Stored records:
....
(* Let $A \in \mathbb{R}^{m \times n}$ be the payoff matrix of a finite two-player zero-sum game with value $v^*$, and let $\{(x_t,y_t)\}_{t\in\mathbb{N}}$ together with $\{(\overline{x}_t,\overline{y}_t)\}_{t \in \mathbb{N}}$ be an anticipatory fictitious play (AFP) process for $A$ (defined in the context), with arbitrary choices among best responses when there are ties. Then $$\lim_{t\to\infty} \min \overline{x}_t^{\mathsf T} A = \lim_{t\to\infty} \max A\overline{y}_t = v^*,$$ i.e. the average strategies converge to a Nash equilibrium, and moreover $$\max A\overline{y}_t - \min \overline{x}_t^{\mathsf T} A = O\big(t^{-1/(m+n-2)}\big) \quad \text{for all } t \in \mathbb{N},$$ the same rate bound that holds for fictitious play.
   Context: A two-player zero-sum game is given by $A\in\mathbb{R}^{m\times n}$: if player 1 plays row $i$ and player 2 plays column $j$, payoffs are $(A_{i,j},-A_{i,j})$. $\Delta^k$ denotes the probability simplex in $\mathbb{R}^k$; strategies are $x\in\Delta^m$, $y\in\Delta^n$. For a vector $w$, $\max w$ and $\min w$ denote its largest and smallest entries. The value is $v^* = \max_{x\in\Delta^m}\min_{y\in\Delta^n} x^{\mathsf T}Ay$. $e_1,e_2,\dots$ denote standard basis vectors. Best response operators: $\texttt{BR}^1_A(y)=\{e_i\in\mathbb{R}^m : i\in\arg\max Ay\}$ and $\texttt{BR}^2_A(x)=\{e_j\in\mathbb{R}^n: j \in \arg\min x^{\mathsf T}A\}$. The AFP process: for some $i,j$, $x_1=\overline{x}_1=e_i$, $y_1=\overline{y}_1=e_j$, and for each $t\in\mathbb{N}$: $x'_{t+1}\in\texttt{BR}^1_A(\overline{y}_t)$, $y'_{t+1}\in\texttt{BR}^2_A(\overline{x}_t)$; $\overline{x}'_{t+1}=\tfrac{t}{t+1}\overline{x}_t+\tfrac{1}{t+1}x'_{t+1}$, $\overline{y}'_{t+1}=\tfrac{t}{t+1}\overline{y}_t+\tfrac{1}{t+1}y'_{t+1}$; $x_{t+1}\in\texttt{BR}^1_A(\overline{y}'_{t+1})$, $y_{t+1}\in\texttt{BR}^2_A(\overline{x}'_{t+1})$; $\overline{x}_{t+1}=\tfrac{1}{t+1}\sum_{k=1}^{t+1}x_k$, $\overline{y}_{t+1}=\tfrac{1}{t+1}\sum_{k=1}^{t+1}y_k$. *)

theory Defs
  imports "HOL-Analysis.Analysis"
begin

definition vmax :: "real^'k \<Rightarrow> real" where
  "vmax w = Max (range (\<lambda>i. w $ i))"

definition vmin :: "real^'k \<Rightarrow> real" where
  "vmin w = Min (range (\<lambda>i. w $ i))"

definition prob_simplex :: "(real^'k) set" where
  "prob_simplex = {x. (\<forall>i. 0 \<le> x $ i) \<and> (\<Sum>i\<in>UNIV. x $ i) = 1}"

definition game_value :: "real^'n^'m \<Rightarrow> real" where
  "game_value A = (SUP x\<in>(prob_simplex :: (real^'m) set). vmin (x v* A))"

definition BR1 :: "real^'n^'m \<Rightarrow> real^'n \<Rightarrow> (real^'m) set" where
  "BR1 A y = {axis i 1 | i. (A *v y) $ i = vmax (A *v y)}"

definition BR2 :: "real^'n^'m \<Rightarrow> real^'m \<Rightarrow> (real^'n) set" where
  "BR2 A x = {axis j 1 | j. (x v* A) $ j = vmin (x v* A)}"

definition avg :: "(nat \<Rightarrow> real^'k) \<Rightarrow> nat \<Rightarrow> real^'k" where
  "avg z t = (1 / real t) *\<^sub>R (\<Sum>k=1..t. z k)"

text \<open>Anticipatory fictitious play process: x, y are the played pure strategies
  (indexed from 1), x', y' the anticipatory best responses.\<close>
definition is_AFP :: "real^'n^'m \<Rightarrow> (nat \<Rightarrow> real^'m) \<Rightarrow> (nat \<Rightarrow> real^'n)
    \<Rightarrow> (nat \<Rightarrow> real^'m) \<Rightarrow> (nat \<Rightarrow> real^'n) \<Rightarrow> bool" where
  "is_AFP A x y x' y' \<longleftrightarrow>
     (\<exists>i j. x 1 = axis i 1 \<and> y 1 = axis j 1) \<and>
     (\<forall>t\<ge>1.
        x' (t+1) \<in> BR1 A (avg y t) \<and>
        y' (t+1) \<in> BR2 A (avg x t) \<and>
        x (t+1) \<in> BR1 A ((real t / real (t+1)) *\<^sub>R avg y t + (1 / real (t+1)) *\<^sub>R y' (t+1)) \<and>
        y (t+1) \<in> BR2 A ((real t / real (t+1)) *\<^sub>R avg x t + (1 / real (t+1)) *\<^sub>R x' (t+1)))"

end

theory Submission
  imports Defs
begin

text \<open>
  Let \<open>U\<^sub>t = A (y\<^sub>1 + \<dots> + y\<^sub>t)\<close> and \<open>V\<^sub>t = (x\<^sub>1 + \<dots> + x\<^sub>t)\<^sup>T A\<close> be the
  cumulative payoff vectors, so that the duality gap of the averages is \<open>(max U\<^sub>t - min V\<^sub>t) / t\<close>.
  Each AFP step adds a column of \<open>A\<close> to \<open>U\<close> and a row of \<open>A\<close> to \<open>V\<close>, and the row played at
  time \<open>t + 1\<close> is a best response to \<open>U\<^sub>t\<close> plus one column of \<open>A\<close>, hence a \<open>2 a0\<close>-optimal
  response to \<open>U\<^sub>t\<close> when all entries of \<open>A\<close> are bounded by \<open>a0\<close> (and symmetrically for
  columns). Robinson's proof of convergence of fictitious play only uses these two properties: by
  induction on the number \<open>k\<close> of rows and columns, \<open>max U\<^sub>T - min V\<^sub>T = O(T\<^bsup>(k-3)/(k-2)\<^esup>)\<close>.
  In the induction step \<open>[0, T]\<close> is cut into windows of length about \<open>T\<^bsup>(k-2)/(k-1)\<^esup>\<close>; a window in
  which some strategy is never played is a vector system with fewer strategies, and a window in
  which all strategies are played brings the gap down to the order of its length. Dividing by
  \<open>t\<close> gives the rate \<open>t\<^bsup>-1/(m+n-2)\<^esup>\<close>, and weak duality traps the value between
  \<open>min x\<^sub>t\<^sup>T A\<close> and \<open>max A y\<^sub>t\<close>.
\<close>

section \<open>Vector systems\<close>

text \<open>Robinson's vector systems, with best responses only required to be \<open>c\<close>-optimal.\<close>
definition vector_system :: "real \<Rightarrow> real \<Rightarrow> ('r \<Rightarrow> 'c \<Rightarrow> real) \<Rightarrow> 'r set \<Rightarrow> 'c set
    \<Rightarrow> (nat \<Rightarrow> 'r \<Rightarrow> real) \<Rightarrow> (nat \<Rightarrow> 'c \<Rightarrow> real) \<Rightarrow> (nat \<Rightarrow> 'r) \<Rightarrow> (nat \<Rightarrow> 'c) \<Rightarrow> nat \<Rightarrow> bool" where
  "vector_system a0 c a I J U V i j T \<longleftrightarrow> finite I \<and> finite J \<and> I \<noteq> {} \<and> J \<noteq> {} \<and>
     (\<forall>r\<in>I. \<forall>q\<in>J. \<bar>a r q\<bar> \<le> a0) \<and>
     (\<forall>\<tau><T. i \<tau> \<in> I \<and> j \<tau> \<in> J \<and>
        (\<forall>r\<in>I. U (Suc \<tau>) r = U \<tau> r + a r (j \<tau>)) \<and>
        (\<forall>q\<in>J. V (Suc \<tau>) q = V \<tau> q + a (i \<tau>) q) \<and>
        (\<forall>r\<in>I. U \<tau> r \<le> U \<tau> (i \<tau>) + c) \<and>
        (\<forall>q\<in>J. V \<tau> (j \<tau>) \<le> V \<tau> q + c))"

definition system_gap :: "'r set \<Rightarrow> 'c set \<Rightarrow> ('r \<Rightarrow> real) \<Rightarrow> ('c \<Rightarrow> real) \<Rightarrow> real" where
  "system_gap I J u v = Max (u ` I) - Min (v ` J)"

lemma vector_system_finite:
  assumes "vector_system a0 c a I J U V i j T"
  shows "finite I" "finite J" "I \<noteq> {}" "J \<noteq> {}"
  using assms unfolding vector_system_def by blast+

lemma vector_system_boundD:
  "vector_system a0 c a I J U V i j T \<Longrightarrow> r \<in> I \<Longrightarrow> q \<in> J \<Longrightarrow> \<bar>a r q\<bar> \<le> a0"
  unfolding vector_system_def by blast

lemma vector_system_stepD:
  assumes "vector_system a0 c a I J U V i j T" "\<tau> < T"
  shows "i \<tau> \<in> I" "j \<tau> \<in> J"
    and "r \<in> I \<Longrightarrow> U (Suc \<tau>) r = U \<tau> r + a r (j \<tau>)"
    and "q \<in> J \<Longrightarrow> V (Suc \<tau>) q = V \<tau> q + a (i \<tau>) q"
    and "r \<in> I \<Longrightarrow> U \<tau> r \<le> U \<tau> (i \<tau>) + c"
    and "q \<in> J \<Longrightarrow> V \<tau> (j \<tau>) \<le> V \<tau> q + c"
  using assms unfolding vector_system_def by auto

lemma vector_system_mono:
  "vector_system a0 c a I J U V i j T \<Longrightarrow> T' \<le> T \<Longrightarrow> vector_system a0 c a I J U V i j T'"
  unfolding vector_system_def by auto

lemma vector_system_bound_nonneg: "vector_system a0 c a I J U V i j T \<Longrightarrow> 0 \<le> a0"
  unfolding vector_system_def by (meson abs_ge_zero all_not_in_conv order.trans)

lemma vector_system_transpose:
  "vector_system a0 c a I J U V i j T \<Longrightarrow>
   vector_system a0 c (\<lambda>q r. - a r q) J I (\<lambda>\<tau> q. - V \<tau> q) (\<lambda>\<tau> r. - U \<tau> r) j i T"
  unfolding vector_system_def by (auto simp: algebra_simps)

lemma Max_uminus_image:
  fixes f :: "'a \<Rightarrow> 'b::linordered_ab_group_add"
  shows "finite S \<Longrightarrow> S \<noteq> {} \<Longrightarrow> Max ((\<lambda>x. - f x) ` S) = - Min (f ` S)"
  using minus_Min_eq_Max[of "f ` S"] by (simp add: image_image)

lemma system_gap_transpose:
  assumes "finite I" "finite J" "I \<noteq> {}" "J \<noteq> {}"
  shows "system_gap J I (\<lambda>q. - v q) (\<lambda>r. - u r) = system_gap I J u v"
proof -
  have "Min ((\<lambda>r. - u r) ` I) = - Max (u ` I)"
    using minus_Max_eq_Min[of "u ` I"] assms by (simp add: image_image)
  then show ?thesis unfolding system_gap_def Max_uminus_image[OF assms(2,4)] by simp
qed

lemma vector_system_U_eq_sum:
  assumes sys: "vector_system a0 c a I J U V i j T" and "\<tau> \<le> t" "t \<le> T" "r \<in> I"
  shows "U t r = U \<tau> r + (\<Sum>\<sigma>\<in>{\<tau>..<t}. a r (j \<sigma>))"
  using assms(2,3)
proof (induction t rule: dec_induct)
  case (step t)
  then have "U (Suc t) r = U t r + a r (j t)"
    using vector_system_stepD(3)[OF sys _ \<open>r \<in> I\<close>] by simp
  then show ?case using step by simp
qed simp

lemma vector_system_V_eq_sum:
  assumes "vector_system a0 c a I J U V i j T" "\<tau> \<le> t" "t \<le> T" "q \<in> J"
  shows "V t q = V \<tau> q + (\<Sum>\<sigma>\<in>{\<tau>..<t}. a (i \<sigma>) q)"
  using vector_system_U_eq_sum[OF vector_system_transpose[OF assms(1)] assms(2-4)]
  by (simp add: sum_negf)

lemma vector_system_U_change:
  assumes sys: "vector_system a0 c a I J U V i j T" and "\<tau> \<le> t" "t \<le> T" "r \<in> I"
  shows "\<bar>U t r - U \<tau> r\<bar> \<le> a0 * (t - \<tau>)"
proof -
  have "\<bar>U t r - U \<tau> r\<bar> \<le> (\<Sum>\<sigma>\<in>{\<tau>..<t}. \<bar>a r (j \<sigma>)\<bar>)"
    using vector_system_U_eq_sum[OF assms] by simp
  also have "\<dots> \<le> of_nat (card {\<tau>..<t}) * a0"
    using vector_system_boundD[OF sys \<open>r \<in> I\<close> vector_system_stepD(2)[OF sys]] \<open>t \<le> T\<close>
    by (intro sum_bounded_above) auto
  finally show ?thesis by (simp add: mult.commute)
qed

lemma Max_U_growth:
  assumes sys: "vector_system a0 c a I J U V i j T" and "\<tau> \<le> t" "t \<le> T"
  shows "Max (U t ` I) \<le> Max (U \<tau> ` I) + a0 * (t - \<tau>)"
proof -
  have "U t r \<le> Max (U \<tau> ` I) + a0 * (t - \<tau>)" if "r \<in> I" for r
  proof -
    have "U \<tau> r \<le> Max (U \<tau> ` I)" using vector_system_finite[OF sys] that by simp
    then show ?thesis using vector_system_U_change[OF assms that] by linarith
  qed
  then show ?thesis using vector_system_finite[OF sys] by (intro Max.boundedI) auto
qed

lemma system_gap_growth:
  assumes sys: "vector_system a0 c a I J U V i j T" and "\<tau> \<le> t" "t \<le> T"
  shows "system_gap I J (U t) (V t) \<le> system_gap I J (U \<tau>) (V \<tau>) + 2 * a0 * (t - \<tau>)"
proof -
  have "Max ((\<lambda>q. - V t q) ` J) \<le> Max ((\<lambda>q. - V \<tau> q) ` J) + a0 * (t - \<tau>)"
    using Max_U_growth[OF vector_system_transpose[OF sys] assms(2,3)] .
  then show ?thesis using Max_U_growth[OF assms]
    unfolding system_gap_def Max_uminus_image[OF vector_system_finite(2,4)[OF sys]] by linarith
qed

lemma Max_U_le_played:
  assumes sys: "vector_system a0 c a I J U V i j T" and "\<tau> < T"
  shows "Max (U T ` I) \<le> U T (i \<tau>) + c + 2 * a0 * (T - \<tau>)"
proof -
  note played = vector_system_stepD(1)[OF sys \<open>\<tau> < T\<close>]
    and opt = vector_system_stepD(5)[OF sys \<open>\<tau> < T\<close>]
  have "U T r \<le> U T (i \<tau>) + c + 2 * a0 * (T - \<tau>)" if "r \<in> I" for r
  proof -
    have "\<bar>U T r - U \<tau> r\<bar> \<le> a0 * (T - \<tau>)" "\<bar>U T (i \<tau>) - U \<tau> (i \<tau>)\<bar> \<le> a0 * (T - \<tau>)"
      using vector_system_U_change[OF sys _ _ that] vector_system_U_change[OF sys _ _ played]
        \<open>\<tau> < T\<close> by auto
    then show ?thesis using opt[OF that] by linarith
  qed
  then show ?thesis using vector_system_finite[OF sys] by (intro Max.boundedI) auto
qed

lemma Min_V_ge_played:
  assumes sys: "vector_system a0 c a I J U V i j T" and "\<tau> < T"
  shows "V T (j \<tau>) - c - 2 * a0 * (T - \<tau>) \<le> Min (V T ` J)"
proof -
  have "Max ((\<lambda>q. - V T q) ` J) \<le> - V T (j \<tau>) + c + 2 * a0 * (T - \<tau>)"
    using Max_U_le_played[OF vector_system_transpose[OF sys] assms(2)] .
  then show ?thesis unfolding Max_uminus_image[OF vector_system_finite(2,4)[OF sys]] by linarith
qed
....
Scan each line of the entries above for the word "vmin" and report how many lines contain it, with nothing else.

--- Written solution ---
4